## Stored items
* * * * * * *
lemma card_unrevealed_le:
  "card (SIGMA (x, c):{(x, c) \<in> {x \<in> inputs w. \<not> tribes w x} \<times> costs w. correct w s x c}.
           {..<2^w} - revealed_tribes w s x c)
   \<le> card {(y, c) \<in> errors w s. tribes w y} * 2^w"
  (is "card ?S \<le> card ?E * 2^w")
proof -
  let ?f = "\<lambda>((x, c), i). ((fill_tribe w i x, c), tribe_rows w x i)"
  have "card ?S \<le> card (?E \<times> Pow {..<w})"
  proof (rule card_inj_on_le)
    show "inj_on ?f ?S"
      by (rule inj_onI) (auto dest: fill_tribe_inj)
    show "?f ` ?S \<subseteq> ?E \<times> Pow {..<w}"
      by (auto simp: errors_def fill_tribe_in_inputs tribes_fill_tribe not_correct_fill_unrevealed_tribe
          tribe_rows_def)
    show "finite (?E \<times> Pow {..<w})"
      by (intro finite_cartesian_product finite_subset[OF _ finite_errors]) auto
  qed
  also have "\<dots> = card ?E * 2^w"
    by (simp add: card_cartesian_product card_Pow)
  finally show ?thesis .
qed

lemma card_unrevealed_plus_tribes_revealed:
  "card ({..<2^w} - revealed_tribes w s x c) + tribes_revealed w s x c = 2^w"
proof -
  have sub: "revealed_tribes w s x c \<subseteq> {..<2^w}" by (auto simp: revealed_tribes_def)
  then have "card (revealed_tribes w s x c) \<le> 2^w" using card_mono[OF finite_lessThan sub] by simp
  then show ?thesis
    using card_Diff_subset[OF finite_subset[OF sub finite_lessThan] sub]
    by (simp add: tribes_revealed_def revealed_tribes_def[symmetric])
qed
lemma wsol_deriv_add_deriv2_nonpos:
  assumes "\<alpha> > 0" "\<rho> > 0" "t \<ge> 0"
    and "C2_on_ge u0 \<xi>" and pos: "\<And>x. 0 < u0 x" and le_one: "\<And>x. u0 x \<le> 1"
    and nonincreasing: "\<And>x y. \<xi> \<le> x \<Longrightarrow> x \<le> y \<Longrightarrow> u0 y \<le> u0 x"
    and "\<xi> < x" "u0 x \<le> x0_level \<alpha> \<rho> t"
    and "(1 + phi0 u0 x) powr \<alpha> * deriv (phi0 u0) x \<le> 1 / (2 * (1 + \<alpha>))"
    and "\<bar>deriv (deriv (phi0 u0)) x\<bar> \<le> 1 / 2 * \<bar>deriv (phi0 u0) x\<bar>"
  shows "deriv (wsol \<alpha> \<rho> u0 t) x + deriv (deriv (wsol \<alpha> \<rho> u0 t)) x \<le> 0"
proof -
  have "phi0 u0 y \<ge> 0" for y
    using pos[of y] le_one[of y] unfolding phi0_def by simp
  moreover have "1 \<le> radicand \<alpha> (\<rho> * (\<alpha> + 1) * t) (phi0 u0 x)"
    using assms(1-3) pos assms(9) by (rule one_le_radicand_if_below_x0_level)
  ultimately show ?thesis
    unfolding wsol_eq_profile
    using assms(1,8-11) phi0_regular[OF assms(4) pos nonincreasing]
    by (intro profile_compose_deriv_add_deriv2_nonpos[where S = "{\<xi><..}" and \<phi>' = "deriv (phi0 u0)"])
      auto
qed

theorem lemma3p2:
  fixes \<alpha> \<rho> :: real and u0 :: "real \<Rightarrow> real"
  assumes alpha_pos: "\<alpha> > 0"
    and rho_pos: "\<rho> > 0"
    and uc: "uniformly_continuous_on UNIV u0"
    and range01: "\<And>x. 0 \<le> u0 x \<and> u0 x \<le> 1"
    and pos: "\<And>x. u0 x > 0"
    and liminf_left: "Liminf at_bot (\<lambda>x. ereal (u0 x)) > 0"
    and lim_right: "(u0 \<longlongrightarrow> 0) at_top"
    and xi0: "\<xi>0 > 0" "C2_on_ge u0 \<xi>0" "\<And>x y. \<xi>0 \<le> x \<Longrightarrow> x \<le> y \<Longrightarrow> u0 y \<le> u0 x"
    and phi_d1: "(\<lambda>x. deriv (phi0 u0) x) \<in> o[at_top](\<lambda>x. (phi0 u0 x) powr (- \<alpha>))"
    and phi_d2: "(\<lambda>x. deriv (deriv (phi0 u0)) x) \<in> o[at_top](\<lambda>x. deriv (phi0 u0) x)"
  shows "\<exists>t1>0. \<forall>t\<ge>t1. \<forall>x\<ge>x0 \<alpha> \<rho> u0 t.
           deriv (\<lambda>y. wsol \<alpha> \<rho> u0 t y) x + deriv (deriv (\<lambda>y. wsol \<alpha> \<rho> u0 t y)) x \<le> 0"
proof -
  have cont: "continuous_on UNIV u0"
    using uc by (rule uniformly_continuous_imp_continuous)
  obtain X where "\<xi>0 \<le> X" and flat:
    "\<And>x. X \<le> x \<Longrightarrow> (1 + phi0 u0 x) powr \<alpha> * deriv (phi0 u0) x \<le> 1 / (2 * (1 + \<alpha>))"
    "\<And>x. X \<le> x \<Longrightarrow> \<bar>deriv (deriv (phi0 u0)) x\<bar> \<le> 1 / 2 * \<bar>deriv (phi0 u0) x\<bar>"
    using phi0_flat_eventually[OF alpha_pos pos lim_right] phi_d1 phi_d2 by auto
  obtain \<delta> where "\<delta> > 0" and \<delta>: "\<And>y. y \<le> X \<Longrightarrow> \<delta> \<le> u0 y"
    using positive_lower_bound_atMost[OF cont pos liminf_left] by blast
  obtain t1 where "t1 > 0" and t1: "\<And>t. t1 \<le> t \<Longrightarrow> x0_level \<alpha> \<rho> t < \<delta>"
    using x0_level_eventually_less[OF alpha_pos rho_pos \<open>\<delta> > 0\<close>] by blast
  have "deriv (wsol \<alpha> \<rho> u0 t) x + deriv (deriv (wsol \<alpha> \<rho> u0 t)) x \<le> 0"
    if "t1 \<le> t" "x0 \<alpha> \<rho> u0 t \<le> x" for t x
  proof -
    have "X < x" "u0 x \<le> x0_level \<alpha> \<rho> t"
      using ge_Sup_level_set[OF cont lim_right, of "x0_level \<alpha> \<rho> t" X x] that t1[OF that(1)] \<delta>
        xi0(3) \<open>\<xi>0 \<le> X\<close> by (force simp: x0_level_def x0_eq_Sup_level_set)+
    then show ?thesis
      using \<open>\<xi>0 \<le> X\<close> \<open>t1 > 0\<close> that(1) flat range01 pos
      by (intro wsol_deriv_add_deriv2_nonpos[OF alpha_pos rho_pos _ xi0(2) pos _ xi0(3)]) auto
  qed
  then show ?thesis
    using \<open>t1 > 0\<close> by blast
qed
lemma convolution_eq_box_sum:
  assumes "palindromic D1 f" and "palindromic D2 g"
  shows "convolution f g i = (\<Sum>(j, k) \<in> {(j, k). j \<le> D1 \<and> k \<le> D2 \<and> j + k = i}. f j * g k)"
  unfolding convolution_def
proof (rule sum.mono_neutral_right)
  show "\<forall>p \<in> {(j, k). j + k = i} - {(j, k). j \<le> D1 \<and> k \<le> D2 \<and> j + k = i}.
      (case p of (j, k) \<Rightarrow> f j * g k) = 0"
  proof
    fix p assume "p \<in> {(j, k). j + k = i} - {(j, k). j \<le> D1 \<and> k \<le> D2 \<and> j + k = i}"
    then obtain j k where "p = (j, k)" and "\<not> (j \<le> D1 \<and> k \<le> D2)" by auto
    then show "(case p of (j, k) \<Rightarrow> f j * g k) = 0"
      using palindromic_beyond[OF assms(1), of j] palindromic_beyond[OF assms(2), of k] by auto
  qed
qed (auto simp: finite_antidiagonal)

lemma palindromic_convolution:
  assumes f: "palindromic D1 f" and g: "palindromic D2 g"
  shows "palindromic (D1 + D2) (convolution f g)"
  unfolding palindromic_def
proof
  fix i
  let ?box = "\<lambda>i. {(j, k). j \<le> D1 \<and> k \<le> D2 \<and> j + k = i}"
  show "convolution f g i = (if i \<le> D1 + D2 then convolution f g (D1 + D2 - i) else 0)"
  proof (cases "i \<le> D1 + D2")
    case True
    have "(\<Sum>(j, k) \<in> ?box (D1 + D2 - i). f j * g k) = (\<Sum>(j, k) \<in> ?box i. f j * g k)"
      by (rule sum.reindex_bij_witness[of _ "\<lambda>(j, k). (D1 - j, D2 - k)" "\<lambda>(j, k). (D1 - j, D2 - k)"])
        (use True in \<open>auto simp: palindromic_reflect[OF f] palindromic_reflect[OF g]\<close>)
    then show ?thesis
      using True by (simp add: convolution_eq_box_sum[OF f g])
  next
    case False
    then have "convolution f g i = 0"
      unfolding convolution_eq_box_sum[OF f g] by (intro sum.neutral) auto
    then show ?thesis
      using False by simp
  qed
qed
lemma N_gt_1: "1 < N"
proof -
  have "1 < p * q" using p_gt_2 q_gt_2 one_less_mult[of p q] by (simp add: mult.commute)
  then show ?thesis by linarith
qed

lemma Jacobi_N: "Jacobi a N = Legendre a (int p) * Legendre a (int q)"
proof -
  have "prime_factorization (p * q) = {#p#} + {#q#}"
    using prime_p prime_q by (simp add: prime_factorization_mult prime_factorization_prime prime_gt_0_nat)
  moreover have "nat N = p * q" by (rule nat_int)
  ultimately show ?thesis unfolding Jacobi_def by simp
qed

lemma Jacobi_mult: "Jacobi (a * b) N = Jacobi a N * Jacobi b N"
  unfolding Jacobi_N using Legendre_mult[OF prime_p p_gt_2] Legendre_mult[OF prime_q q_gt_2] by simp

lemma Jacobi_cong:
  assumes "[a = b] (mod N)"
  shows "Jacobi a N = Jacobi b N"
proof -
  have "[a = b] (mod int p)" using assms by (metis cong_modulus_mult of_nat_mult)
  moreover have "[a = b] (mod int q)" using assms by (metis cong_modulus_mult mult.commute of_nat_mult)
  ultimately show ?thesis unfolding Jacobi_N using Legendre_cong by metis
qed

lemma coprime_N_iff: "coprime a N \<longleftrightarrow> \<not> int p dvd a \<and> \<not> int q dvd a"
  using coprime_prime_iff[of "int p" a] coprime_prime_iff[of "int q" a] prime_p prime_q by simp

lemma Jacobi_eq_0_iff: "Jacobi a N = 0 \<longleftrightarrow> \<not> coprime a N"
  unfolding Jacobi_N coprime_N_iff by (simp add: Legendre_eq_0_iff)

lemma Jacobi_unit: "coprime a N \<Longrightarrow> Jacobi a N = 1 \<or> Jacobi a N = -1"
  unfolding Jacobi_N coprime_N_iff
  using Legendre_cases[of a "int p"] Legendre_cases[of a "int q"] Legendre_eq_0_iff by auto

lemma Jacobi_square: "coprime x N \<Longrightarrow> Jacobi (x ^ 2) N = 1"
  unfolding Jacobi_N coprime_N_iff using Legendre_square prime_p prime_q by simp

lemma Jacobi_one: "Jacobi 1 N = 1"
  using Jacobi_square[of 1] by simp

lemma ex_Jacobi_minus_one: "\<exists>z. coprime z N \<and> Jacobi z N = -1"
proof -
  have "coprime (int p) (int q)" using prime_p prime_q p_neq_q by (simp add: primes_coprime)
  then obtain z where z: "[z = -1] (mod int p)" "[z = 1] (mod int q)"
    using binary_chinese_remainder_int by blast
  have "Legendre z (int p) = -1"
    using Legendre_cong[OF z(1)] Legendre_minus_one[OF prime_p p_mod_4] by simp
  moreover have "Legendre 1 (int q) = 1"
    using Legendre_square[of "int q" 1] prime_q q_gt_2 by (simp add: zdvd1_eq)
  then have "Legendre z (int q) = 1" using Legendre_cong[OF z(2)] by simp
  ultimately have "Jacobi z N = -1" unfolding Jacobi_N by simp
  moreover from this have "coprime z N" using Jacobi_eq_0_iff[of z] by auto
  ultimately show ?thesis by blast
qed

lemma inv_mod_cong:
  assumes "coprime t N"
  shows "[t * inv_mod N t = 1] (mod N)"
proof -
  obtain x where x: "[t * x = 1] (mod N)" using assms cong_solve_coprime_int by blast
  have "[x mod N = x] (mod N)" by (simp add: Cong.cong_def)
  then have "[t * (x mod N) = t * x] (mod N)" by (rule cong_mult[OF cong_refl])
  then have "0 \<le> x mod N \<and> x mod N < N \<and> [t * (x mod N) = 1] (mod N)"
    using x N_gt_1 cong_trans by auto
  then have "0 \<le> inv_mod N t \<and> inv_mod N t < N \<and> [t * inv_mod N t = 1] (mod N)"
    unfolding inv_mod_def by (rule someI)
  then show ?thesis by blast
qed

lemma coprime_inv_mod: "coprime t N \<Longrightarrow> coprime (inv_mod N t) N"
  using inv_mod_cong cong_imp_coprime cong_sym coprime_1_left coprime_mult_left_iff by metis

lemma Jacobi_inv_mod:
  assumes "coprime t N"
  shows "Jacobi (inv_mod N t) N = Jacobi t N"
proof -
  have "Jacobi t N * Jacobi (inv_mod N t) N = 1"
    using Jacobi_cong[OF inv_mod_cong[OF assms]] Jacobi_mult Jacobi_one by simp
  then show ?thesis using Jacobi_unit[OF assms] by auto
qed

lemma finite_units_mod: "finite (units_mod N)"
  by (rule finite_subset[of _ "{0..<N}"]) (auto simp: units_mod_def)

lemma finite_unitsJ: "finite (unitsJ N \<sigma>)"
  by (rule finite_subset[OF _ finite_units_mod]) (auto simp: unitsJ_def)

lemma card_units_mod_ge: "p * q \<le> card (units_mod N) + p + q"
proof -
  let ?A = "{x \<in> {0..<int p * int q}. [x = 0] (mod int p)}"
  let ?B = "{x \<in> {0..<int q * int p}. [x = 0] (mod int q)}"
  have "{0..<N} \<subseteq> units_mod N \<union> ?A \<union> ?B"
  proof
    fix x assume x: "x \<in> {0..<N}"
    show "x \<in> units_mod N \<union> ?A \<union> ?B"
    proof (cases "coprime x N")
      case False
      then have "int p dvd x \<or> int q dvd x" using coprime_N_iff by blast
      then show ?thesis using x by (auto simp: cong_0_iff mult.commute)
    qed (use x in \<open>auto simp: units_mod_def\<close>)
  qed
  then have "card {0..<N} \<le> card (units_mod N \<union> ?A \<union> ?B)"
    using finite_units_mod by (intro card_mono) auto
  then have "p * q \<le> card (units_mod N \<union> ?A \<union> ?B)" by (simp del: of_nat_mult)
  also have "\<dots> \<le> card (units_mod N) + card ?A + card ?B"
    by (meson card_Un_le add_le_mono1 le_trans)
  also have "\<dots> \<le> card (units_mod N) + q + p"
    using card_residue_class_le[of "int p" "int q" 0] card_residue_class_le[of "int q" "int p" 0]
      p_gt_2 q_gt_2 by simp
  finally show ?thesis by simp
qed
lemma bihom_mod_subset:
  assumes G: "group G" "carrier G = carrier B" and Bgen: "carrier B \<subseteq> generate G (Y \<union> K)"
    and Y: "Y \<subseteq> carrier B"
    and A: "subgroup A (add_monoid B)" "F \<subseteq> A" "K \<subseteq> A" "A \<subseteq> add_gen (F \<union> K)"
    and T: "subgroup T (add_monoid B)"
    and closed: "\<And>a b. \<lbrakk>a \<in> A; b \<in> carrier B\<rbrakk> \<Longrightarrow> f a b \<in> carrier B"
    and hom_left: "\<And>a a' b. \<lbrakk>a \<in> A; a' \<in> A; b \<in> carrier B\<rbrakk> \<Longrightarrow>
      cong_mod T (f (a \<oplus> a') b) (f a b \<oplus> f a' b)"
    and hom_right: "\<And>a b b'. \<lbrakk>a \<in> A; b \<in> carrier B; b' \<in> carrier B\<rbrakk> \<Longrightarrow>
      cong_mod T (f a (b \<otimes>\<^bsub>G\<^esub> b')) (f a b \<oplus> f a b')"
    and kill_left: "\<And>z b. \<lbrakk>z \<in> K; b \<in> carrier B\<rbrakk> \<Longrightarrow> f z b \<in> T"
    and kill_right: "\<And>a z. \<lbrakk>a \<in> A; z \<in> K\<rbrakk> \<Longrightarrow> f a z \<in> T"
    and gens: "\<And>x y. \<lbrakk>x \<in> F; y \<in> Y\<rbrakk> \<Longrightarrow> f x y \<in> T"
  assumes "a \<in> A" "b \<in> carrier B"
  shows "f a b \<in> T"
proof -
  have Ac: "A \<subseteq> carrier B"
    using add_subgroup_subset[OF A(1)] .
  have on_F: "f x b \<in> T" if x: "x \<in> F" and b: "b \<in> carrier B" for x b
  proof -
    have "f x ` generate G (Y \<union> K) \<subseteq> T"
      using x A(2,3) Ac Y G(2) closed hom_right kill_right gens
      by (intro generate_hom_mod_subset[OF G(1) group.subgroup_self[OF G(1)] _ T]) auto
    then show ?thesis
      using Bgen b by blast
  qed
  have "(\<lambda>a. f a b) ` add_gen (F \<union> K) \<subseteq> T"
    using A(2,3) \<open>b \<in> carrier B\<close> closed hom_left kill_left on_F
    by (intro generate_hom_mod_subset[OF add.is_group A(1) _ T]) auto
  then show ?thesis
    using A(4) \<open>a \<in> A\<close> by blast
qed

definition add_fin_gen_mod :: "'a set \<Rightarrow> 'a set \<Rightarrow> bool"
  where "add_fin_gen_mod I J \<longleftrightarrow> (\<exists>F. finite F \<and> F \<subseteq> I \<and> I \<subseteq> add_gen (F \<union> J))"

definition generates_mod :: "'a set \<Rightarrow> 'a set \<Rightarrow> bool"
  where "generates_mod Y I \<longleftrightarrow> finite Y \<and> Y \<subseteq> carrier B \<and>
    carrier B \<subseteq> add_gen (Y \<union> I) \<and> carrier B \<subseteq> mult_gen (Y \<union> I)"

lemma lower_central_commutator_mem:
  assumes "a \<in> lower_central n" "b \<in> carrier B"
  shows "star a b \<in> lower_central (Suc n)" "star b a \<in> lower_central (Suc n)"
    "add_commutator a b \<in> lower_central (Suc n)"
  using commutators_lower_central[of n] assms unfolding commutators_def by blast+

lemma add_fin_gen_mod_lower_central_0:
  assumes "finitely_generated_brace B"
  shows "add_fin_gen_mod (lower_central 0) (lower_central 1)"
proof -
  obtain S where S: "finite S" "S \<subseteq> carrier B" "generated_subbrace B S = carrier B"
    using assms unfolding finitely_generated_brace_def by blast
  define T where "T = add_gen (S \<union> lower_central 1)"
  have T: "subgroup T (add_monoid B)"
    unfolding T_def using S(2) lower_central_subset by (intro add.generate_is_subgroup) blast
  have "brace_ideal B T"
  proof (rule central_add_subgroup_is_ideal[OF ideal_lower_central T])
    show "lower_central 1 \<subseteq> T"
      unfolding T_def using add_gen_incl by blast
    show "central_mod (lower_central 1) t" if "t \<in> T" for t
      using central_mod_lower_central[of t 0] add_subgroup_subset[OF T] that by auto
  qed
  moreover have "S \<subseteq> T"
    unfolding T_def using add_gen_incl by blast
  ultimately have "generated_subbrace B S \<subseteq> T"
    unfolding generated_subbrace_def brace_ideal_def by blast
  then show ?thesis
    unfolding add_fin_gen_mod_def T_def using S by (intro exI[of _ S]) auto
qed

lemma generates_mod_lower_central_Suc:
  assumes Y: "generates_mod Y (lower_central n)"
    and F: "finite F" "F \<subseteq> lower_central n" "lower_central n \<subseteq> add_gen (F \<union> lower_central (Suc n))"
  shows "generates_mod (Y \<union> F) (lower_central (Suc n))"
proof -
  let ?\<Gamma> = lower_central
  have FG: "F \<union> ?\<Gamma> (Suc n) \<subseteq> ?\<Gamma> n"
    using F lower_central_Suc_subset by blast
  have YF: "Y \<union> F \<union> ?\<Gamma> (Suc n) \<subseteq> carrier B"
    using Y F lower_central_subset unfolding generates_mod_def by blast
  have "add_gen (F \<union> ?\<Gamma> (Suc n)) \<subseteq> add_gen (Y \<union> F \<union> ?\<Gamma> (Suc n))"
    by (rule add.mono_generate) blast
  then have "Y \<union> ?\<Gamma> n \<subseteq> add_gen (Y \<union> F \<union> ?\<Gamma> (Suc n))"
    using F(3) add_gen_incl[of "Y \<union> F \<union> ?\<Gamma> (Suc n)"] by blast
  then have add: "carrier B \<subseteq> add_gen (Y \<union> F \<union> ?\<Gamma> (Suc n))"
    using add.generate_subgroup_incl[OF _ add.generate_is_subgroup[OF YF]] Y
    unfolding generates_mod_def by blast
  define T where "T = mult_gen (F \<union> ?\<Gamma> (Suc n))"
  have T: "subgroup T B"
    unfolding T_def using FG lower_central_subset by (intro mult.generate_is_subgroup) blast
  have FT: "F \<union> ?\<Gamma> (Suc n) \<subseteq> T"
    unfolding T_def using mult_gen_incl by blast
  have "T \<subseteq> ?\<Gamma> n"
    unfolding T_def using FG ideal_mult_subgroup[OF ideal_lower_central]
    by (intro mult.generate_subgroup_incl)
  then have "subgroup T (add_monoid B)"
    using FT central_mod_lower_central[of _ n]
    by (intro central_mult_subgroup_is_add_subgroup[OF ideal_lower_central[of "Suc n"] T]) blast+
  then have "?\<Gamma> n \<subseteq> T"
    using F(3) FT add.generate_subgroup_incl by blast
  moreover have "T \<subseteq> mult_gen (Y \<union> F \<union> ?\<Gamma> (Suc n))"
    unfolding T_def by (rule mult.mono_generate) blast
  ultimately have "Y \<union> ?\<Gamma> n \<subseteq> mult_gen (Y \<union> F \<union> ?\<Gamma> (Suc n))"
    using mult_gen_incl[of "Y \<union> F \<union> ?\<Gamma> (Suc n)"] by blast
  then have "carrier B \<subseteq> mult_gen (Y \<union> F \<union> ?\<Gamma> (Suc n))"
    using mult.generate_subgroup_incl[OF _ mult.generate_is_subgroup[OF YF]] Y
    unfolding generates_mod_def by blast
  then show ?thesis
    using add Y F YF unfolding generates_mod_def by (simp add: Un_assoc)
qed

context
  fixes n :: nat and Y F T :: "'a set"
  assumes Y: "generates_mod Y (lower_central (Suc n))"
    and F: "F \<subseteq> lower_central n" "lower_central n \<subseteq> add_gen (F \<union> lower_central (Suc n))"
    and T: "subgroup T (add_monoid B)" "lower_central (Suc (Suc n)) \<subseteq> T" "commutators F Y \<subseteq> T"
begin

lemma star_in_commutator_span:
  assumes "a \<in> lower_central n" "b \<in> carrier B"
  shows "star a b \<in> T"
proof (rule bihom_mod_subset[where f = star, OF add.is_group _ _ _
      ideal_add_subgroup[OF ideal_lower_central] F(1) lower_central_Suc_subset F(2) T(1)])
  note H = ideal_lower_central[of "Suc (Suc n)"]
  note mod_T = cong_mod_mono[OF T(2)]
  note comm = lower_central_commutator_mem[of _ n]
  show "cong_mod T (star (a \<oplus> a') b) (star a b \<oplus> star a' b)"
    if "a \<in> lower_central n" "a' \<in> lower_central n" "b \<in> carrier B" for a a' b
    using that lower_central_carrier comm
    by (auto simp del: lower_central.simps intro!: mod_T star_add_left_mod[OF H] central_mod_lower_central)
  show "cong_mod T (star a (b \<otimes>\<^bsub>add_monoid B\<^esub> b')) (star a b \<oplus> star a b')"
    if "a \<in> lower_central n" "b \<in> carrier B" "b' \<in> carrier B" for a b b'
    using that lower_central_carrier comm
    by (auto simp del: lower_central.simps intro!: mod_T star_add_right_mod[OF H] central_mod_lower_central)
  show "star z b \<in> T" if "z \<in> lower_central (Suc n)" "b \<in> carrier B" for z b
    using central_mod_commutators_mem(1)[OF H central_mod_lower_central] that T(2) by blast
  show "star a z \<in> T" if "a \<in> lower_central n" "z \<in> lower_central (Suc n)" for a z
    using central_mod_commutators_mem(2)[OF H central_mod_lower_central] that T(2)
      lower_central_subset by blast
  show "star x y \<in> T" if "x \<in> F" "y \<in> Y" for x y
    using T(3) that unfolding commutators_def by blast
qed (use assms Y lower_central_carrier in \<open>auto simp: generates_mod_def simp del: lower_central.simps\<close>)

lemma star_rev_in_commutator_span:
  assumes "a \<in> lower_central n" "b \<in> carrier B"
  shows "star b a \<in> T"
proof (rule bihom_mod_subset[where f = "\<lambda>a b. star b a", OF mult.is_group _ _ _
      ideal_add_subgroup[OF ideal_lower_central] F(1) lower_central_Suc_subset F(2) T(1)])
  note H = ideal_lower_central[of "Suc (Suc n)"]
  note mod_T = cong_mod_mono[OF T(2)]
  note comm = lower_central_commutator_mem[of _ n]
  show "cong_mod T (star b (a \<oplus> a')) (star b a \<oplus> star b a')"
    if "a \<in> lower_central n" "a' \<in> lower_central n" "b \<in> carrier B" for a a' b
    using that lower_central_carrier comm
    by (auto simp del: lower_central.simps intro!: mod_T star_add_right_mod[OF H] central_mod_lower_central)
  show "cong_mod T (star (b \<otimes> b') a) (star b a \<oplus> star b' a)"
    if "a \<in> lower_central n" "b \<in> carrier B" "b' \<in> carrier B" for a b b'
    using that lower_central_carrier comm
    by (auto simp del: lower_central.simps intro!: mod_T star_mult_left_mod[OF H] central_mod_lower_central)
  show "star b z \<in> T" if "z \<in> lower_central (Suc n)" "b \<in> carrier B" for z b
    using central_mod_commutators_mem(2)[OF H central_mod_lower_central] that T(2) by blast
  show "star z a \<in> T" if "a \<in> lower_central n" "z \<in> lower_central (Suc n)" for a z
    using central_mod_commutators_mem(1)[OF H central_mod_lower_central] that T(2)
      lower_central_subset by blast
  show "star y x \<in> T" if "x \<in> F" "y \<in> Y" for x y
    using T(3) that unfolding commutators_def by blast
qed (use assms Y lower_central_carrier in \<open>auto simp: generates_mod_def simp del: lower_central.simps\<close>)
* * * * * * *
Go through the records above, find every line with the word "finally", and list those lines.

  finally show ?thesis .
  finally show ?thesis by simp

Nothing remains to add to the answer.